» Problem requirements
Restate the data below word for word, keeping each line intact.

Saved entries
↓

text \<open>At a zero \<open>\<alpha>\<close> the quotient is recovered as the limit of \<open>f / a\<close>.\<close>
lemma divisible_if_locally_divisible:
  fixes a f :: "complex \<Rightarrow> complex"
  assumes S: "open S" "connected S" and a: "a holomorphic_on S" and f: "f holomorphic_on S"
    and nz: "\<exists>w\<in>S. a w \<noteq> 0"
    and loc: "\<And>\<alpha>. \<alpha> \<in> S \<Longrightarrow> a \<alpha> = 0 \<Longrightarrow>
       \<exists>\<rho>>0. \<exists>c. c holomorphic_on ball \<alpha> \<rho> \<and> (\<forall>z\<in>ball \<alpha> \<rho>. f z = a z * c z)"
  obtains b where "b holomorphic_on S" "\<And>z. z \<in> S \<Longrightarrow> f z = a z * b z"
proof -
  define b where "b z = (if a z \<noteq> 0 then f z / a z else Lim (at z) (\<lambda>w. f w / a w))" for z
  have b_local: "\<exists>\<rho>>0. \<exists>c. c holomorphic_on ball \<alpha> \<rho> \<and> (\<forall>z\<in>ball \<alpha> \<rho>. f z = a z * c z \<and> b z = c z)"
    if \<alpha>: "\<alpha> \<in> S" for \<alpha>
  proof (cases "a \<alpha> = 0")
    case False
    obtain \<rho> where \<rho>: "\<rho> > 0" "ball \<alpha> \<rho> \<subseteq> S" "\<And>w. w \<in> ball \<alpha> \<rho> \<Longrightarrow> a w \<noteq> 0"
      using nonvanishing_ball[OF holomorphic_on_imp_continuous_on[OF a] S(1) \<alpha> False] by blast
    have "(\<lambda>z. f z / a z) holomorphic_on ball \<alpha> \<rho>"
      using \<rho> by (intro holomorphic_intros holomorphic_on_subset[OF f] holomorphic_on_subset[OF a]) auto
    then show ?thesis using \<rho> by (intro exI[of _ \<rho>] exI[of _ "\<lambda>z. f z / a z"]) (auto simp: b_def)
  next
    case True
    obtain \<rho>1 c where c: "\<rho>1 > 0" "c holomorphic_on ball \<alpha> \<rho>1" "\<And>z. z \<in> ball \<alpha> \<rho>1 \<Longrightarrow> f z = a z * c z"
      using loc[OF \<alpha> True] by blast
    obtain \<delta> where \<delta>: "\<delta> > 0" "\<And>w. w \<in> ball \<alpha> \<delta> \<Longrightarrow> w \<noteq> \<alpha> \<Longrightarrow> a w \<noteq> 0"
      by (rule isolated_zero_ball[OF a S \<alpha> nz]) (assumption | rule that)+
    define \<rho> where "\<rho> = min \<rho>1 \<delta>"
    have \<rho>: "\<rho> > 0" "ball \<alpha> \<rho> \<subseteq> ball \<alpha> \<rho>1" "ball \<alpha> \<rho> \<subseteq> ball \<alpha> \<delta>"
      using c(1) \<delta>(1) by (auto simp: \<rho>_def)
    have "((\<lambda>w. f w / a w) \<longlongrightarrow> c \<alpha>) (at \<alpha>)"
      using \<rho> c \<delta>(2) by (intro quotient_limit_at_isolated_zero[of \<rho>]) (auto intro: holomorphic_on_subset)
    then have "b \<alpha> = c \<alpha>" using True by (simp add: b_def tendsto_Lim)
    then have "b z = c z" if "z \<in> ball \<alpha> \<rho>" for z
      using that \<delta>(2)[of z] c(3)[of z] \<rho> by (cases "z = \<alpha>") (auto simp: b_def)
    then show ?thesis
      using \<rho> c(3) holomorphic_on_subset[OF c(2) \<rho>(2)] by blast
  qed
  have "b holomorphic_on S"
    unfolding analytic_on_open[OF S(1), symmetric] analytic_on_def
  proof
    fix x assume "x \<in> S"
    then obtain \<rho> c where "\<rho> > 0" "c holomorphic_on ball x \<rho>" "\<forall>z\<in>ball x \<rho>. b z = c z"
      using b_local by blast
    then show "\<exists>\<rho>>0. b holomorphic_on ball x \<rho>" using holomorphic_transform by metis
  qed
  moreover have "f z = a z * b z" if z: "z \<in> S" for z
  proof -
    obtain \<rho> c where "\<rho> > 0" "\<forall>w\<in>ball z \<rho>. f w = a w * c w \<and> b w = c w"
      using b_local[OF z] by blast
    then show ?thesis by simp
  qed
  ultimately show ?thesis by (rule that)
qed
lemma m_matching_colour_class:
  assumes "proper_colouring fst X col" "fst ` X \<subseteq> E" "\<forall>i\<in>X. fst i \<noteq> {}"
    and "card {i\<in>X. col i = c} = m"
  shows "m_matching E m (fst ` {i\<in>X. col i = c})"
proof -
  have independent: "\<not> adjacent fst i j" if "i \<in> X" "j \<in> X" "col i = c" "col j = c" for i j
    using assms(1) that unfolding proper_colouring_def by metis
  \<comment> \<open>two copies of the same edge are adjacent, hence never in one colour class\<close>
  have "inj_on fst {i\<in>X. col i = c}"
  proof (rule inj_onI)
    fix i j assume "i \<in> {i\<in>X. col i = c}" "j \<in> {i\<in>X. col i = c}" "fst i = fst j"
    then show "i = j" using independent[of i j] assms(3) by (auto simp: adjacent_def)
  qed
  then have "card (fst ` {i\<in>X. col i = c}) = m" using assms(4) by (simp add: card_image)
  moreover have "matching E (fst ` {i\<in>X. col i = c})"
    unfolding matching_def
  proof (intro conjI ballI impI)
    show "fst ` {i\<in>X. col i = c} \<subseteq> E" using assms(2) by auto
    fix e f assume "e \<in> fst ` {i\<in>X. col i = c}" "f \<in> fst ` {i\<in>X. col i = c}" "e \<noteq> f"
    then obtain i j where "i \<in> X" "j \<in> X" "col i = c" "col j = c" "e = fst i" "f = fst j" by blast
    then show "e \<inter> f = {}" using independent[of i j] \<open>e \<noteq> f\<close> by (auto simp: adjacent_def)
  qed
  ultimately show ?thesis by (simp add: m_matching_def)
qed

↑

» Task output
text \<open>At a zero \<open>\<alpha>\<close> the quotient is recovered as the limit of \<open>f / a\<close>.\<close>
lemma divisible_if_locally_divisible:
  fixes a f :: "complex \<Rightarrow> complex"
  assumes S: "open S" "connected S" and a: "a holomorphic_on S" and f: "f holomorphic_on S"
    and nz: "\<exists>w\<in>S. a w \<noteq> 0"
    and loc: "\<And>\<alpha>. \<alpha> \<in> S \<Longrightarrow> a \<alpha> = 0 \<Longrightarrow>
       \<exists>\<rho>>0. \<exists>c. c holomorphic_on ball \<alpha> \<rho> \<and> (\<forall>z\<in>ball \<alpha> \<rho>. f z = a z * c z)"
  obtains b where "b holomorphic_on S" "\<And>z. z \<in> S \<Longrightarrow> f z = a z * b z"
proof -
  define b where "b z = (if a z \<noteq> 0 then f z / a z else Lim (at z) (\<lambda>w. f w / a w))" for z
  have b_local: "\<exists>\<rho>>0. \<exists>c. c holomorphic_on ball \<alpha> \<rho> \<and> (\<forall>z\<in>ball \<alpha> \<rho>. f z = a z * c z \<and> b z = c z)"
    if \<alpha>: "\<alpha> \<in> S" for \<alpha>
  proof (cases "a \<alpha> = 0")
    case False
    obtain \<rho> where \<rho>: "\<rho> > 0" "ball \<alpha> \<rho> \<subseteq> S" "\<And>w. w \<in> ball \<alpha> \<rho> \<Longrightarrow> a w \<noteq> 0"
      using nonvanishing_ball[OF holomorphic_on_imp_continuous_on[OF a] S(1) \<alpha> False] by blast
    have "(\<lambda>z. f z / a z) holomorphic_on ball \<alpha> \<rho>"
      using \<rho> by (intro holomorphic_intros holomorphic_on_subset[OF f] holomorphic_on_subset[OF a]) auto
    then show ?thesis using \<rho> by (intro exI[of _ \<rho>] exI[of _ "\<lambda>z. f z / a z"]) (auto simp: b_def)
  next
    case True
    obtain \<rho>1 c where c: "\<rho>1 > 0" "c holomorphic_on ball \<alpha> \<rho>1" "\<And>z. z \<in> ball \<alpha> \<rho>1 \<Longrightarrow> f z = a z * c z"
      using loc[OF \<alpha> True] by blast
    obtain \<delta> where \<delta>: "\<delta> > 0" "\<And>w. w \<in> ball \<alpha> \<delta> \<Longrightarrow> w \<noteq> \<alpha> \<Longrightarrow> a w \<noteq> 0"
      by (rule isolated_zero_ball[OF a S \<alpha> nz]) (assumption | rule that)+
    define \<rho> where "\<rho> = min \<rho>1 \<delta>"
    have \<rho>: "\<rho> > 0" "ball \<alpha> \<rho> \<subseteq> ball \<alpha> \<rho>1" "ball \<alpha> \<rho> \<subseteq> ball \<alpha> \<delta>"
      using c(1) \<delta>(1) by (auto simp: \<rho>_def)
    have "((\<lambda>w. f w / a w) \<longlongrightarrow> c \<alpha>) (at \<alpha>)"
      using \<rho> c \<delta>(2) by (intro quotient_limit_at_isolated_zero[of \<rho>]) (auto intro: holomorphic_on_subset)
    then have "b \<alpha> = c \<alpha>" using True by (simp add: b_def tendsto_Lim)
    then have "b z = c z" if "z \<in> ball \<alpha> \<rho>" for z
      using that \<delta>(2)[of z] c(3)[of z] \<rho> by (cases "z = \<alpha>") (auto simp: b_def)
    then show ?thesis
      using \<rho> c(3) holomorphic_on_subset[OF c(2) \<rho>(2)] by blast
  qed
  have "b holomorphic_on S"
    unfolding analytic_on_open[OF S(1), symmetric] analytic_on_def
  proof
    fix x assume "x \<in> S"
    then obtain \<rho> c where "\<rho> > 0" "c holomorphic_on ball x \<rho>" "\<forall>z\<in>ball x \<rho>. b z = c z"
      using b_local by blast
    then show "\<exists>\<rho>>0. b holomorphic_on ball x \<rho>" using holomorphic_transform by metis
  qed
  moreover have "f z = a z * b z" if z: "z \<in> S" for z
  proof -
    obtain \<rho> c where "\<rho> > 0" "\<forall>w\<in>ball z \<rho>. f w = a w * c w \<and> b w = c w"
      using b_local[OF z] by blast
    then show ?thesis by simp
  qed
  ultimately show ?thesis by (rule that)
qed
lemma m_matching_colour_class:
  assumes "proper_colouring fst X col" "fst ` X \<subseteq> E" "\<forall>i\<in>X. fst i \<noteq> {}"
    and "card {i\<in>X. col i = c} = m"
  shows "m_matching E m (fst ` {i\<in>X. col i = c})"
proof -
  have independent: "\<not> adjacent fst i j" if "i \<in> X" "j \<in> X" "col i = c" "col j = c" for i j
    using assms(1) that unfolding proper_colouring_def by metis
  \<comment> \<open>two copies of the same edge are adjacent, hence never in one colour class\<close>
  have "inj_on fst {i\<in>X. col i = c}"
  proof (rule inj_onI)
    fix i j assume "i \<in> {i\<in>X. col i = c}" "j \<in> {i\<in>X. col i = c}" "fst i = fst j"
    then show "i = j" using independent[of i j] assms(3) by (auto simp: adjacent_def)
  qed
  then have "card (fst ` {i\<in>X. col i = c}) = m" using assms(4) by (simp add: card_image)
  moreover have "matching E (fst ` {i\<in>X. col i = c})"
    unfolding matching_def
  proof (intro conjI ballI impI)
    show "fst ` {i\<in>X. col i = c} \<subseteq> E" using assms(2) by auto
    fix e f assume "e \<in> fst ` {i\<in>X. col i = c}" "f \<in> fst ` {i\<in>X. col i = c}" "e \<noteq> f"
    then obtain i j where "i \<in> X" "j \<in> X" "col i = c" "col j = c" "e = fst i" "f = fst j" by blast
    then show "e \<inter> f = {}" using independent[of i j] \<open>e \<noteq> f\<close> by (auto simp: adjacent_def)
  qed
  ultimately show ?thesis by (simp add: m_matching_def)
qed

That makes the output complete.